Todd pointed to the steps on the edge of the stage. “After you.”
She started to say something, ask him what he was doing here. But instead of using words in one syllable, her brain went into shut-down mode. She walked past him with a heavy heart.
“Can we talk later?” Todd asked. “I could take you out to dinner?”
Sally tripped on the edge of a step. The paint rollers tipped toward the floor, splashing a few drops of paint on the wood.
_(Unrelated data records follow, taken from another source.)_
(* The set of non-zero normal elements of $A$ (elements $u\neq0$ with $uA=Au$) is exactly $\{\lambda x^i:\lambda\in\Bbbk^\times,\ i\geq0\}$.
   Context: Let $\Bbbk$ be a field of characteristic zero and $N\geq1$ an integer. Let $A=A_N$ be the $\Bbbk$-algebra generated by $x,y$ subject to the relation $yx-xy=x^N$. *)

theory Defs
  imports Main
begin

text \<open>The free associative algebra k<x,y> is modelled concretely as finitely supported
  functions from words over {x,y} (False = x, True = y) to k, with concatenation product.
  A_N is the quotient by the two-sided ideal generated by yx - xy - x^N; we work with
  representatives and the congruence modulo that ideal.\<close>

type_synonym 'k fa = "bool list \<Rightarrow> 'k"

definition fin :: "'k::zero fa set" where
  "fin = {f. finite {w. f w \<noteq> 0}}"

definition fadd :: "'k::plus fa \<Rightarrow> 'k fa \<Rightarrow> 'k fa" where
  "fadd f g = (\<lambda>w. f w + g w)"

definition fsub :: "'k::minus fa \<Rightarrow> 'k fa \<Rightarrow> 'k fa" where
  "fsub f g = (\<lambda>w. f w - g w)"

definition fsmul :: "'k::times \<Rightarrow> 'k fa \<Rightarrow> 'k fa" where
  "fsmul c f = (\<lambda>w. c * f w)"

definition fmul :: "'k::comm_semiring_1 fa \<Rightarrow> 'k fa \<Rightarrow> 'k fa" where
  "fmul f g = (\<lambda>w. \<Sum>i\<le>length w. f (take i w) * g (drop i w))"

definition fmon :: "bool list \<Rightarrow> 'k::zero_neq_one fa" where
  "fmon u = (\<lambda>w. if w = u then 1 else 0)"

definition genX :: "'k::zero_neq_one fa" where "genX = fmon [False]"
definition genY :: "'k::zero_neq_one fa" where "genY = fmon [True]"

definition Xpow :: "nat \<Rightarrow> 'k::zero_neq_one fa" where
  "Xpow i = fmon (replicate i False)"

definition relA :: "nat \<Rightarrow> 'k::comm_ring_1 fa" where
  "relA N = fsub (fsub (fmul genY genX) (fmul genX genY)) (Xpow N)"

inductive_set idealA :: "nat \<Rightarrow> 'k::comm_ring_1 fa set" for N where
  gen: "relA N \<in> idealA N"
| zero: "(\<lambda>_. 0) \<in> idealA N"
| add: "a \<in> idealA N \<Longrightarrow> b \<in> idealA N \<Longrightarrow> fadd a b \<in> idealA N"
| mul: "a \<in> idealA N \<Longrightarrow> p \<in> fin \<Longrightarrow> q \<in> fin \<Longrightarrow> fmul (fmul p a) q \<in> idealA N"

definition eqA :: "nat \<Rightarrow> 'k::comm_ring_1 fa \<Rightarrow> 'k fa \<Rightarrow> bool" where
  "eqA N f g \<longleftrightarrow> fsub f g \<in> idealA N"

definition normalA :: "nat \<Rightarrow> 'k::comm_ring_1 fa \<Rightarrow> bool" where
  "normalA N u \<longleftrightarrow>
     (\<forall>a\<in>fin. \<exists>b\<in>fin. eqA N (fmul u a) (fmul b u)) \<and>
     (\<forall>a\<in>fin. \<exists>b\<in>fin. eqA N (fmul a u) (fmul u b))"

end

theory Submission
  imports Defs "HOL-Computational_Algebra.Polynomial_Factorial"
begin

text \<open>
  \<open>A\<^sub>N\<close> is the Ore extension \<open>k[x][y; \<delta>]\<close> with \<open>\<delta> = x\<^sup>N d/dx\<close>, realised on \<open>k[x][y]\<close> via
  \<open>y p = p y + \<delta>(p)\<close>. The induced map from the free algebra has the defining ideal as kernel:
  modulo the relation every word reduces to a combination of standard words \<open>x\<^sup>a y\<^sup>j\<close>, on
  which the map is injective. The Ore extension is graded by the degree in \<open>y\<close> with
  multiplicative leading coefficients.

  If \<open>u \<noteq> 0\<close> is normal, then \<open>x u = u b\<close> forces \<open>b = x\<close>, and if \<open>u\<close> has \<open>y\<close>-degree \<open>n > 0\<close>,
  comparing coefficients of \<open>y\<^sup>n\<^sup>-\<^sup>1\<close> in \<open>u x = x u\<close> gives \<open>n lc(u) x\<^sup>N = 0\<close>; so \<open>u = p(x)\<close>.
  Then \<open>y p = p b'\<close> gives \<open>p | \<delta>(p) = x\<^sup>N p'\<close>; writing \<open>p = x\<^sup>i r\<close> with \<open>x\<close> not dividing \<open>r\<close>, this
  becomes \<open>r | r'\<close>, so \<open>r\<close> is constant. Conversely \<open>x\<^sup>i\<close> is normal because
  \<open>\<delta>(x\<^sup>i) = i x\<^sup>i\<^sup>+\<^sup>N\<^sup>-\<^sup>1\<close> is a multiple of \<open>x\<^sup>i\<close>.
\<close>

section \<open>The Ore extension \<open>k[x][y; x\<^sup>N d/dx]\<close>\<close>

text \<open>Elements are \<open>'k poly poly\<close>: the outer variable is \<open>y\<close>, coefficients lie in \<open>k[x]\<close>,
  and \<open>\<Sum> p\<^sub>j y\<^sup>j\<close> is the normal form with \<open>x\<close>'s written to the left. \<open>ymult N Q\<close> is the
  product \<open>y Q\<close>, and \<open>ore_mult\<close> the product of the Ore extension.\<close>

definition xder :: "nat \<Rightarrow> 'k::idom poly \<Rightarrow> 'k poly" where
  "xder N p = monom 1 N * pderiv p"

definition ymult :: "nat \<Rightarrow> 'k::idom poly poly \<Rightarrow> 'k poly poly" where
  "ymult N Q = pCons 0 Q + map_poly (xder N) Q"

definition ore_mult :: "nat \<Rightarrow> 'k::idom poly poly \<Rightarrow> 'k poly poly \<Rightarrow> 'k poly poly" where
  "ore_mult N P Q = (\<Sum>j\<le>degree P. smult (coeff P j) ((ymult N ^^ j) Q))"

lemma smult_sum_right: "smult p (\<Sum>i\<in>S. f i) = (\<Sum>i\<in>S. smult p (f i))"
  by (induction S rule: infinite_finite_induct) (auto simp: smult_add_right)

lemma xder_0 [simp]: "xder N 0 = 0"
  by (simp add: xder_def)

lemma xder_add: "xder N (p + q) = xder N p + xder N q"
  by (simp add: xder_def pderiv_add algebra_simps)

lemma xder_mult: "xder N (p * q) = p * xder N q + xder N p * q"
  by (simp add: xder_def pderiv_mult algebra_simps)

lemma xder_const [simp]: "xder N [:c:] = 0"
  by (simp add: xder_def pderiv_pCons)

lemma xder_x: "xder N (monom 1 (Suc 0)) = monom 1 N"
  by (simp add: xder_def pderiv_monom)

lemma xder_monom: "N \<ge> 1 \<Longrightarrow> xder N (monom c i) = monom (of_nat i) (N - 1) * monom c i"
  by (cases i) (auto simp: xder_def pderiv_monom mult_monom)

lemma coeff_ymult:
  "coeff (ymult N Q) n = (case n of 0 \<Rightarrow> 0 | Suc m \<Rightarrow> coeff Q m) + xder N (coeff Q n)"
  by (simp add: ymult_def coeff_map_poly coeff_pCons)

lemma ymult_0 [simp]: "ymult N 0 = 0"
  by (rule poly_eqI) (simp add: coeff_ymult split: nat.split)

lemma ymult_add: "ymult N (P + Q) = ymult N P + ymult N Q"
  by (rule poly_eqI) (simp add: coeff_ymult xder_add split: nat.split)

lemma ymult_sum: "ymult N (\<Sum>i\<in>S. f i) = (\<Sum>i\<in>S. ymult N (f i))"
  by (induction S rule: infinite_finite_induct) (auto simp: ymult_add)

lemma ymult_smult: "ymult N (smult p Q) = smult p (ymult N Q) + smult (xder N p) Q"
  by (rule poly_eqI) (simp add: coeff_ymult xder_mult algebra_simps split: nat.split)

lemma ymult_monom_1: "ymult N (monom 1 j) = monom 1 (Suc j)"
  by (rule poly_eqI) (auto simp: coeff_ymult coeff_monom xder_def split: nat.split)

lemma funpow_ymult_0 [simp]: "(ymult N ^^ j) 0 = 0"
  by (induction j) auto

lemma funpow_ymult_add: "(ymult N ^^ j) (P + Q) = (ymult N ^^ j) P + (ymult N ^^ j) Q"
  by (induction j) (auto simp: ymult_add)

lemma funpow_ymult_smult_const: "(ymult N ^^ j) (smult [:c:] Q) = smult [:c:] ((ymult N ^^ j) Q)"
  by (induction j) (auto simp: ymult_smult)

lemma degree_ymult_le: "degree (ymult N Q) \<le> degree Q + 1"
  unfolding ymult_def
  using degree_pCons_le[of 0 Q] map_poly_degree_leq[of "xder N" Q] by (intro degree_add_le) auto

lemma coeff_ymult_above_degree: "degree Q \<le> m \<Longrightarrow> coeff (ymult N Q) (Suc m) = coeff Q m"
  by (simp add: coeff_ymult coeff_eq_0)

lemma degree_ymult: "Q \<noteq> 0 \<Longrightarrow> degree (ymult N Q) = Suc (degree Q)"
  using degree_ymult_le[of N Q] coeff_ymult_above_degree[of Q "degree Q" N]
  by (metis Suc_eq_plus1 le_antisym leading_coeff_0_iff le_degree order_refl)

lemma degree_funpow_ymult: "Q \<noteq> 0 \<Longrightarrow> degree ((ymult N ^^ j) Q) = degree Q + j"
proof (induction j)
  case (Suc j)
  then have "(ymult N ^^ j) Q \<noteq> 0"
    by auto
  with Suc show ?case
    by (simp add: degree_ymult)
qed simp

lemma degree_funpow_ymult_le: "degree ((ymult N ^^ j) Q) \<le> degree Q + j"
  by (cases "Q = 0") (auto simp: degree_funpow_ymult)

lemma coeff_funpow_ymult_top: "coeff ((ymult N ^^ j) Q) (degree Q + j) = lead_coeff Q"
  by (induction j) (simp_all add: coeff_ymult_above_degree degree_funpow_ymult_le)

lemma ore_mult_bound:
  "degree P \<le> n \<Longrightarrow> ore_mult N P Q = (\<Sum>j\<le>n. smult (coeff P j) ((ymult N ^^ j) Q))"
  unfolding ore_mult_def by (rule sum.mono_neutral_left) (auto simp: coeff_eq_0)

lemma ore_mult_0_left [simp]: "ore_mult N 0 Q = 0"
  by (simp add: ore_mult_def)

lemma ore_mult_0_right [simp]: "ore_mult N P 0 = 0"
  by (simp add: ore_mult_def)

lemma ore_mult_const_left: "ore_mult N [:p:] Q = smult p Q"
  by (simp add: ore_mult_def)

lemma ore_mult_1_left [simp]: "ore_mult N 1 Q = Q"
  by (simp add: ore_mult_def)

lemma ore_mult_y_left: "ore_mult N (monom 1 1) Q = ymult N Q"
  by (simp add: ore_mult_bound[of _ 1] degree_monom_le coeff_monom)

lemma ore_mult_add_left: "ore_mult N (P + P') Q = ore_mult N P Q + ore_mult N P' Q"
proof -
  define n where "n = max (degree P) (degree P')"
  have "degree (P + P') \<le> n"
    unfolding n_def by (rule degree_add_le) auto
  then show ?thesis
    by (simp add: ore_mult_bound[of _ n] n_def sum.distrib smult_add_left)
qed

lemma ore_mult_diff_left: "ore_mult N (P - P') Q = ore_mult N P Q - ore_mult N P' Q"
  using ore_mult_add_left[of N "P - P'" P' Q] by simp

lemma ore_mult_smult_left: "ore_mult N (smult p P) Q = smult p (ore_mult N P Q)"
  by (simp add: ore_mult_bound[of "smult p P" "degree P"] ore_mult_def smult_sum_right
      degree_smult_le)

lemma ore_mult_sum_left: "ore_mult N (\<Sum>i\<in>S. f i) Q = (\<Sum>i\<in>S. ore_mult N (f i) Q)"
  by (induction S rule: infinite_finite_induct) (auto simp: ore_mult_add_left)

lemma ore_mult_add_right: "ore_mult N P (Q + Q') = ore_mult N P Q + ore_mult N P Q'"
  by (simp add: ore_mult_def funpow_ymult_add smult_add_right sum.distrib)

lemma ore_mult_sum_right: "ore_mult N P (\<Sum>i\<in>S. f i) = (\<Sum>i\<in>S. ore_mult N P (f i))"
  by (induction S rule: infinite_finite_induct) (auto simp: ore_mult_add_right)

lemma ore_mult_smult_const_right: "ore_mult N P (smult [:c:] Q) = smult [:c:] (ore_mult N P Q)"
  by (simp add: ore_mult_def funpow_ymult_smult_const smult_sum_right mult.commute)

lemma ore_mult_ymult_left: "ore_mult N (ymult N P) Q = ymult N (ore_mult N P Q)"
proof -
  define n where "n = degree P"
  have "degree (ymult N P) \<le> Suc n"
    using degree_ymult_le[of N P] n_def by simp
  then have "ore_mult N (ymult N P) Q
      = (\<Sum>j\<le>Suc n. smult (case j of 0 \<Rightarrow> 0 | Suc m \<Rightarrow> coeff P m) ((ymult N ^^ j) Q))
        + (\<Sum>j\<le>Suc n. smult (xder N (coeff P j)) ((ymult N ^^ j) Q))"
    by (simp add: ore_mult_bound coeff_ymult smult_add_left sum.distrib)
  also have "(\<Sum>j\<le>Suc n. smult (case j of 0 \<Rightarrow> 0 | Suc m \<Rightarrow> coeff P m) ((ymult N ^^ j) Q))
      = (\<Sum>j\<le>n. smult (coeff P j) ((ymult N ^^ Suc j) Q))"
    by (subst sum.atMost_Suc_shift) simp
  also have "(\<Sum>j\<le>Suc n. smult (xder N (coeff P j)) ((ymult N ^^ j) Q))
      = (\<Sum>j\<le>n. smult (xder N (coeff P j)) ((ymult N ^^ j) Q))"
    by (simp add: n_def coeff_eq_0)
  also have "(\<Sum>j\<le>n. smult (coeff P j) ((ymult N ^^ Suc j) Q))
      + (\<Sum>j\<le>n. smult (xder N (coeff P j)) ((ymult N ^^ j) Q)) = ymult N (ore_mult N P Q)"
    by (simp add: ore_mult_def n_def ymult_sum ymult_smult sum.distrib)
  finally show ?thesis .
qed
“Are you okay,” Todd asked.
She nodded. “I’m fine.”
“And dinner?”
Sally didn’t know if that was a good idea. She’d missed Todd so much that she was worried she’d make an idiot of herself. But she wanted to spend time with him, even if he told her he was leaving Bozeman permanently.
“Dinner would be okay, too,” she said softly.
“Good. That’s great.”
If Sally didn’t know better, she’d have sworn Todd blushed.
“Hurry up,” Sean yelled. “We’ve got one hour to create a forest out of these…” He pointed to the massacred shapes beside him.
Sally had a good look at the trees and shook her head. “Wow. I’ve never seen trees like those ones before.”
“We were being creative,” Matthew said. “What can you do?”
“Throw them out?” Sally offered.
Todd walked around the trees, contemplating the odd shapes in front of him. “If you turned the top of the trees upside down, they might look better.”
Sally, Sean, and Matthew tilted their heads to the side.
“I can’t see it,” Sally said.
“I can,” Matthew said. The relief in his voice was almost touching. Until she found out why. “I’ve got a date tonight and I don’t want to be late. Let’s do what Todd said and make these oak trees rock.”